Assignment: Pull every line from the records that has the word "moreover" in it.

Records for this task:
(* Let $(X_1,Y_1),\dots,(X_{n+1},Y_{n+1})$ be data with $L_i=\mathcal{L}(f,X_i,Y_i)\in[0,1]$, $s:\mathcal{X}\to[0,1]$ a score, $w:\mathcal{X}\to(0,\infty)$ a weight function, $\alpha,\gamma\in(0,1)$, and $E_{\gamma,n+1}$ the weighted e-value below. If $\gamma\le\alpha$, then $$\mathbf{1}\{E_{\gamma,n+1}\ge1/\alpha\}=\mathbf{1}\Big\{\frac{w(X_{n+1})+\sum_{i=1}^nw(X_i)L_i\mathbf{1}\{s(X_i)\le s(X_{n+1})\}}{\sum_{i=1}^{n+1}w(X_i)}\le\gamma\Big\}.$$ If $\gamma>\alpha$, then $E_{\gamma,n+1}\ge1/\alpha$ if and only if both $\frac{w(X_{n+1})+\sum_{i=1}^nw(X_i)L_i\mathbf{1}\{s(X_i)\le s(X_{n+1})\}}{\sum_{i=1}^{n+1}w(X_i)}\le\gamma$ and, for all $t\in\mathcal{M}$ and $\ell\in[0,1]$, $\frac{\ell w(X_{n+1})+\sum_{i=1}^nw(X_i)L_i\mathbf{1}\{s(X_i)\le t\}}{\sum_{i=1}^{n+1}w(X_i)}\notin(\alpha,\gamma]$.
   Context: Let $w_i=w(X_i)$, $\mathcal{M}=\{s(X_i)\}_{i=1}^{n+1}$, $F(t;\ell)=\frac{\sum_{i=1}^nw_iL_i\mathbf{1}\{s(X_i)\le t\}+w_{n+1}\ell\mathbf{1}\{s(X_{n+1})\le t\}}{\sum_{i=1}^{n+1}w_i}$, $t_\gamma(\ell)=\max\{t\in\mathcal{M}:F(t;\ell)\le\gamma\}$ ($\max\emptyset=-\infty$), and $E_{\gamma,n+1}=\inf_{\ell\in[0,1]}\frac{\mathbf{1}\{s(X_{n+1})\le t_\gamma(\ell)\}\sum_{i=1}^{n+1}w_i}{\sum_{i=1}^nw_iL_i\mathbf{1}\{s(X_i)\le t_\gamma(\ell)\}+w_{n+1}\ell\mathbf{1}\{s(X_{n+1})\le t_\gamma(\ell)\}}$, each ratio $0$ when its numerator is $0$ and $+\infty$ when the numerator is positive and the denominator $0$; $E_{\gamma,n+1}=0$ if $\inf_\ell t_\gamma(\ell)=-\infty$. *)

theory Defs
  imports "HOL-Analysis.Analysis"
begin

text \<open>Data are indexed by 1..n+1; the test point is index n+1 (= Suc n).
  X :: nat => 'x are the covariates, L :: nat => real the losses,
  s the score, w the weight function.\<close>

definition wtot :: "nat \<Rightarrow> (nat \<Rightarrow> 'x) \<Rightarrow> ('x \<Rightarrow> real) \<Rightarrow> real" where
  "wtot n X w = (\<Sum>i=1..Suc n. w (X i))"

definition Fw :: "nat \<Rightarrow> (nat \<Rightarrow> 'x) \<Rightarrow> (nat \<Rightarrow> real) \<Rightarrow> ('x \<Rightarrow> real) \<Rightarrow> ('x \<Rightarrow> real)
                  \<Rightarrow> real \<Rightarrow> real \<Rightarrow> real" where
  "Fw n X L s w t l =
     ((\<Sum>i=1..n. w (X i) * L i * of_bool (s (X i) \<le> t))
      + w (X (Suc n)) * l * of_bool (s (X (Suc n)) \<le> t)) / wtot n X w"

definition Mset :: "nat \<Rightarrow> (nat \<Rightarrow> 'x) \<Rightarrow> ('x \<Rightarrow> real) \<Rightarrow> real set" where
  "Mset n X s = (\<lambda>i. s (X i)) ` {1..Suc n}"

definition tgam :: "nat \<Rightarrow> (nat \<Rightarrow> 'x) \<Rightarrow> (nat \<Rightarrow> real) \<Rightarrow> ('x \<Rightarrow> real) \<Rightarrow> ('x \<Rightarrow> real)
                  \<Rightarrow> real \<Rightarrow> real \<Rightarrow> ereal" where
  "tgam n X L s w \<gamma> l =
     (let T = {t \<in> Mset n X s. Fw n X L s w t l \<le> \<gamma>}
      in if T = {} then -\<infinity> else ereal (Max T))"

definition eratio :: "real \<Rightarrow> real \<Rightarrow> ereal" where
  "eratio a b = (if a = 0 then 0 else if b = 0 then \<infinity> else ereal (a / b))"

definition Enum :: "nat \<Rightarrow> (nat \<Rightarrow> 'x) \<Rightarrow> (nat \<Rightarrow> real) \<Rightarrow> ('x \<Rightarrow> real) \<Rightarrow> ('x \<Rightarrow> real)
                  \<Rightarrow> real \<Rightarrow> real \<Rightarrow> real" where
  "Enum n X L s w \<gamma> l =
     of_bool (ereal (s (X (Suc n))) \<le> tgam n X L s w \<gamma> l) * wtot n X w"

definition Eden :: "nat \<Rightarrow> (nat \<Rightarrow> 'x) \<Rightarrow> (nat \<Rightarrow> real) \<Rightarrow> ('x \<Rightarrow> real) \<Rightarrow> ('x \<Rightarrow> real)
                  \<Rightarrow> real \<Rightarrow> real \<Rightarrow> real" where
  "Eden n X L s w \<gamma> l =
     (\<Sum>i=1..n. w (X i) * L i * of_bool (ereal (s (X i)) \<le> tgam n X L s w \<gamma> l))
     + w (X (Suc n)) * l * of_bool (ereal (s (X (Suc n))) \<le> tgam n X L s w \<gamma> l)"

definition Eval :: "nat \<Rightarrow> (nat \<Rightarrow> 'x) \<Rightarrow> (nat \<Rightarrow> real) \<Rightarrow> ('x \<Rightarrow> real) \<Rightarrow> ('x \<Rightarrow> real)
                  \<Rightarrow> real \<Rightarrow> ereal" where
  "Eval n X L s w \<gamma> =
     (if (INF l\<in>{0..1}. tgam n X L s w \<gamma> l) = -\<infinity> then 0
      else (INF l\<in>{0..1}. eratio (Enum n X L s w \<gamma> l) (Eden n X L s w \<gamma> l)))"

end

theory Submission
  imports Defs
begin

text \<open>Everything is monotone: \<open>F(t;\<ell>)\<close> increases in \<open>t\<close> and in \<open>\<ell>\<close>, so \<open>t\<^sub>\<gamma>(\<ell>)\<close> decreases
  in \<open>\<ell>\<close> and the infimum over \<open>\<ell> \<in> [0,1]\<close> of \<open>t\<^sub>\<gamma>(\<ell>)\<close> is \<open>t\<^sub>\<gamma>(1)\<close>. Each ratio in the
  infimum is \<open>1 / F(t\<^sub>\<gamma>(\<ell>);\<ell>)\<close> when the test score is at most \<open>t\<^sub>\<gamma>(\<ell>)\<close> and \<open>0\<close> otherwise.
  Hence \<open>E \<ge> 1/\<alpha>\<close> says that for every \<open>\<ell>\<close> the test score passes the threshold, which by
  monotonicity amounts to \<open>F(s(X\<^sub>n\<^sub>+\<^sub>1);1) \<le> \<gamma>\<close>, and that \<open>F(t\<^sub>\<gamma>(\<ell>);\<ell>) \<le> \<alpha>\<close>. As \<open>t\<^sub>\<gamma>(\<ell>)\<close>
  is the largest score with \<open>F \<le> \<gamma>\<close>, the latter fails exactly when some score \<open>t\<close> has
  \<open>F(t;\<ell>) \<in> (\<alpha>,\<gamma>]\<close>; scores below the test score only give values below \<open>F(t\<^sub>\<gamma>(\<ell>);\<ell>)\<close>.
  For \<open>\<gamma> \<le> \<alpha>\<close> the interval is empty, so one criterion covers both cases.\<close>

locale weighted_scores =
  fixes n :: nat and X :: "nat \<Rightarrow> 'x" and L :: "nat \<Rightarrow> real"
    and s :: "'x \<Rightarrow> real" and w :: "'x \<Rightarrow> real"
  assumes L_nonneg: "\<And>i. i \<in> {1..n} \<Longrightarrow> 0 \<le> L i"
    and w_pos: "\<And>x. 0 < w x"
begin

abbreviation "S \<equiv> s (X (Suc n))"
abbreviation "W \<equiv> wtot n X w"
abbreviation "M \<equiv> Mset n X s"
abbreviation "F \<equiv> Fw n X L s w"
abbreviation "thr \<equiv> tgam n X L s w"

definition lower_loss :: "real \<Rightarrow> real" where
  "lower_loss t = (\<Sum>i=1..n. w (X i) * L i * of_bool (s (X i) \<le> t))"

lemma wtot_pos: "0 < W"
  unfolding wtot_def using w_pos by (intro sum_pos) auto

lemma lower_loss_nonneg: "0 \<le> lower_loss t"
  unfolding lower_loss_def using L_nonneg w_pos by (intro sum_nonneg) (simp add: less_imp_le)

lemma lower_loss_mono:
  assumes "t1 \<le> t2"
  shows "lower_loss t1 \<le> lower_loss t2"
  unfolding lower_loss_def
proof (rule sum_mono)
  fix i assume "i \<in> {1..n}"
  then have "0 \<le> w (X i) * L i" using L_nonneg w_pos by (simp add: less_imp_le)
  then show "w (X i) * L i * of_bool (s (X i) \<le> t1) \<le> w (X i) * L i * of_bool (s (X i) \<le> t2)"
    using assms by auto
qed

lemma Fw_eq: "F t l = (lower_loss t + w (X (Suc n)) * l * of_bool (S \<le> t)) / W"
  unfolding Fw_def lower_loss_def ..

lemma Fw_nonneg: "0 \<le> l \<Longrightarrow> 0 \<le> F t l"
  using wtot_pos w_pos lower_loss_nonneg[of t] by (simp add: Fw_eq less_imp_le)

lemma Fw_mono:
  assumes "t1 \<le> t2" "0 \<le> l1" "l1 \<le> l2"
  shows "F t1 l1 \<le> F t2 l2"
proof -
  have "w (X (Suc n)) * l1 * of_bool (S \<le> t1) \<le> w (X (Suc n)) * l2 * of_bool (S \<le> t2)"
    using assms w_pos[of "X (Suc n)"] by (auto intro: mult_left_mono)
  then show ?thesis
    using lower_loss_mono[OF assms(1)] wtot_pos
    unfolding Fw_eq by (intro divide_right_mono) auto
qed

lemma thr_cases:
  obtains "thr \<gamma> l = -\<infinity>"
  | m where "thr \<gamma> l = ereal m" "m \<in> M" "F m l \<le> \<gamma>"
proof -
  define T where "T = {t \<in> M. F t l \<le> \<gamma>}"
  have "finite T" unfolding T_def Mset_def by auto
  then show ?thesis
    using that Max_in[of T] unfolding tgam_def T_def[symmetric] by (cases "T = {}") (auto simp: T_def)
qed

lemma ereal_le_thr_iff:
  assumes "t \<in> M" "0 \<le> l"
  shows "ereal t \<le> thr \<gamma> l \<longleftrightarrow> F t l \<le> \<gamma>"
proof
  assume "ereal t \<le> thr \<gamma> l"
  then obtain m where "thr \<gamma> l = ereal m" "F m l \<le> \<gamma>" "t \<le> m"
    by (cases rule: thr_cases[of \<gamma> l]) auto
  then show "F t l \<le> \<gamma>" using Fw_mono[of t m l l] assms(2) by simp
next
  assume "F t l \<le> \<gamma>"
  moreover have "finite M" unfolding Mset_def by simp
  ultimately show "ereal t \<le> thr \<gamma> l"
    using assms(1) unfolding tgam_def by (auto intro: Max_ge)
qed

lemma thr_antimono:
  assumes "0 \<le> l1" "l1 \<le> l2"
  shows "thr \<gamma> l2 \<le> thr \<gamma> l1"
proof (cases rule: thr_cases[of \<gamma> l2])
  case (2 m)
  then have "F m l1 \<le> \<gamma>" using Fw_mono[of m m l1 l2] assms by simp
  then show ?thesis using 2 ereal_le_thr_iff assms(1) by simp
qed simp

lemma INF_thr: "(INF l\<in>{0..1}. thr \<gamma> l) = thr \<gamma> 1"
proof (rule antisym)
  show "(INF l\<in>{0..1}. thr \<gamma> l) \<le> thr \<gamma> 1" by (rule INF_lower) simp
  show "thr \<gamma> 1 \<le> (INF l\<in>{0..1}. thr \<gamma> l)" by (rule INF_greatest) (simp add: thr_antimono)
qed

lemma evalue_ratio_ge_iff:
  assumes "0 \<le> l" "0 < \<alpha>"
  shows "ereal (1 / \<alpha>) \<le> eratio (Enum n X L s w \<gamma> l) (Eden n X L s w \<gamma> l)
    \<longleftrightarrow> (\<exists>m. thr \<gamma> l = ereal m \<and> S \<le> m \<and> F m l \<le> \<alpha>)"
proof (cases rule: thr_cases[of \<gamma> l])
  case 1
  then show ?thesis using assms(2) by (simp add: eratio_def Enum_def)
next
  case (2 m)
  show ?thesis
  proof (cases "S \<le> m")
    case True
    have Enum: "Enum n X L s w \<gamma> l = W" using 2 True by (simp add: Enum_def)
    have Eden: "Eden n X L s w \<gamma> l = W * F m l"
      using 2 wtot_pos by (simp add: Eden_def Fw_def)
    have "ereal (1 / \<alpha>) \<le> ereal (1 / F m l) \<longleftrightarrow> F m l \<le> \<alpha>" if "0 < F m l"
      using that assms(2) by (simp add: field_simps)
    then show ?thesis
      using 2 True Fw_nonneg[OF assms(1), of m] wtot_pos assms(2)
      by (cases "F m l = 0") (auto simp: eratio_def Enum Eden)
  next
    case False
    then show ?thesis using 2 assms(2) by (simp add: eratio_def Enum_def)
  qed
qed

text \<open>The junk value \<open>0\<close> of \<open>E\<close> for \<open>t\<^sub>\<gamma> \<equiv> -\<infinity>\<close> is covered by the instance \<open>\<ell> = 1\<close>.\<close>

lemma Eval_ge_iff_thresholds:
  assumes "0 < \<alpha>"
  shows "ereal (1 / \<alpha>) \<le> Eval n X L s w \<gamma>
    \<longleftrightarrow> (\<forall>l\<in>{0..1}. \<exists>m. thr \<gamma> l = ereal m \<and> S \<le> m \<and> F m l \<le> \<alpha>)"
proof (cases "thr \<gamma> 1 = -\<infinity>")
  case True
  then have "Eval n X L s w \<gamma> = 0" by (simp add: Eval_def INF_thr)
  moreover have "\<not> (\<exists>m. thr \<gamma> 1 = ereal m \<and> S \<le> m \<and> F m 1 \<le> \<alpha>)" using True by simp
  ultimately show ?thesis using assms by fastforce
next
  case False
  then show ?thesis
    using evalue_ratio_ge_iff[OF _ assms] by (simp add: Eval_def INF_thr le_INF_iff)
qed

lemma Eval_ge_iff:
  assumes "0 < \<alpha>"
  shows "ereal (1 / \<alpha>) \<le> Eval n X L s w \<gamma>
    \<longleftrightarrow> F S 1 \<le> \<gamma> \<and>
        (\<forall>t\<in>M. \<forall>l\<in>{0..1}. (l * w (X (Suc n)) + lower_loss t) / W \<notin> {\<alpha><..\<gamma>})"
    (is "_ \<longleftrightarrow> _ \<and> (\<forall>t\<in>M. \<forall>l\<in>{0..1}. ?G t l \<notin> _)")
proof -
  have S_in_M: "S \<in> M" unfolding Mset_def by simp
  have G_eq: "?G t l = F t l" if "S \<le> t" for t l
    using that by (simp add: Fw_eq algebra_simps)
  have G_le: "?G t l \<le> F S l" if "t \<le> S" "0 \<le> l" for t l
    using that lower_loss_mono[of t S] wtot_pos by (simp add: Fw_eq divide_right_mono algebra_simps)
  have S_le_thr: "ereal S \<le> thr \<gamma> l \<longleftrightarrow> F S l \<le> \<gamma>" if "0 \<le> l" for l
    using ereal_le_thr_iff[OF S_in_M that] .
  show ?thesis
    unfolding Eval_ge_iff_thresholds[OF assms]
  proof (intro iffI conjI ballI notI)
    assume Q: "\<forall>l\<in>{0..1}. \<exists>m. thr \<gamma> l = ereal m \<and> S \<le> m \<and> F m l \<le> \<alpha>"
    then obtain m where "thr \<gamma> 1 = ereal m" "S \<le> m" by fastforce
    then show "F S 1 \<le> \<gamma>" using S_le_thr[of 1] by simp
    fix t l assume t: "t \<in> M" and l: "l \<in> {0..1}" and G: "?G t l \<in> {\<alpha><..\<gamma>}"
    obtain m where m: "thr \<gamma> l = ereal m" "S \<le> m" "F m l \<le> \<alpha>" using Q l by blast
    show False
    proof (cases "S \<le> t")
      case True
      then have "F t l \<le> \<gamma>" using G G_eq by auto
      then have "ereal t \<le> thr \<gamma> l" using ereal_le_thr_iff[OF t] l by simp
      then have "t \<le> m" using m(1) by simp
      then show False using Fw_mono[of t m l l] G G_eq[OF True] l m(3) by auto
    next
      case False
      then show False using G_le[of t l] Fw_mono[of S m l l] G l m by auto
    qed
  next
    fix l :: real assume l: "l \<in> {0..1}"
    assume H: "F S 1 \<le> \<gamma> \<and> (\<forall>t\<in>M. \<forall>l\<in>{0..1}. ?G t l \<notin> {\<alpha><..\<gamma>})"
    then have "ereal S \<le> thr \<gamma> l" using S_le_thr Fw_mono[of S S l 1] l by auto
    then obtain m where m: "thr \<gamma> l = ereal m" "m \<in> M" "F m l \<le> \<gamma>" "S \<le> m"
      by (cases rule: thr_cases[of \<gamma> l]) auto
    then have "F m l \<le> \<alpha>" using H l G_eq[of m l] by fastforce
    with m show "\<exists>m. thr \<gamma> l = ereal m \<and> S \<le> m \<and> F m l \<le> \<alpha>" by blast
  qed
qed

end

theorem propositionA1:
  fixes n :: nat and X :: "nat \<Rightarrow> 'x" and L :: "nat \<Rightarrow> real"
    and s :: "'x \<Rightarrow> real" and w :: "'x \<Rightarrow> real" and \<alpha> \<gamma> :: real
  assumes L01: "\<forall>i\<in>{1..Suc n}. 0 \<le> L i \<and> L i \<le> 1"
    and s01: "\<forall>x. 0 \<le> s x \<and> s x \<le> 1"
    and wpos: "\<forall>x. 0 < w x"
    and alpha: "0 < \<alpha>" "\<alpha> < 1"
    and gamma: "0 < \<gamma>" "\<gamma> < 1"
  shows "(\<gamma> \<le> \<alpha> \<longrightarrow>
           ((ereal (1 / \<alpha>) \<le> Eval n X L s w \<gamma>) \<longleftrightarrow>
            (w (X (Suc n)) + (\<Sum>i=1..n. w (X i) * L i * of_bool (s (X i) \<le> s (X (Suc n)))))
              / (\<Sum>i=1..Suc n. w (X i)) \<le> \<gamma>))
       \<and> (\<alpha> < \<gamma> \<longrightarrow>
           ((ereal (1 / \<alpha>) \<le> Eval n X L s w \<gamma>) \<longleftrightarrow>
            ((w (X (Suc n)) + (\<Sum>i=1..n. w (X i) * L i * of_bool (s (X i) \<le> s (X (Suc n)))))
               / (\<Sum>i=1..Suc n. w (X i)) \<le> \<gamma>
             \<and> (\<forall>t\<in>Mset n X s. \<forall>l\<in>{0..1::real}.
                  (l * w (X (Suc n)) + (\<Sum>i=1..n. w (X i) * L i * of_bool (s (X i) \<le> t)))
                    / (\<Sum>i=1..Suc n. w (X i)) \<notin> {\<alpha><..\<gamma>}))))"
proof -
  interpret weighted_scores n X L s w
    using L01 wpos by unfold_locales auto
  have "(w (X (Suc n)) + lower_loss (s (X (Suc n)))) / W = F (s (X (Suc n))) 1"
    by (simp add: Fw_eq)
  then show ?thesis
    using Eval_ge_iff[OF alpha(1), of \<gamma>]
    unfolding lower_loss_def[symmetric] wtot_def[symmetric] by auto
qed

end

Written response:
  moreover have "finite M" unfolding Mset_def by simp
  moreover have "\<not> (\<exists>m. thr \<gamma> 1 = ereal m \<and> S \<le> m \<and> F m 1 \<le> \<alpha>)" using True by simp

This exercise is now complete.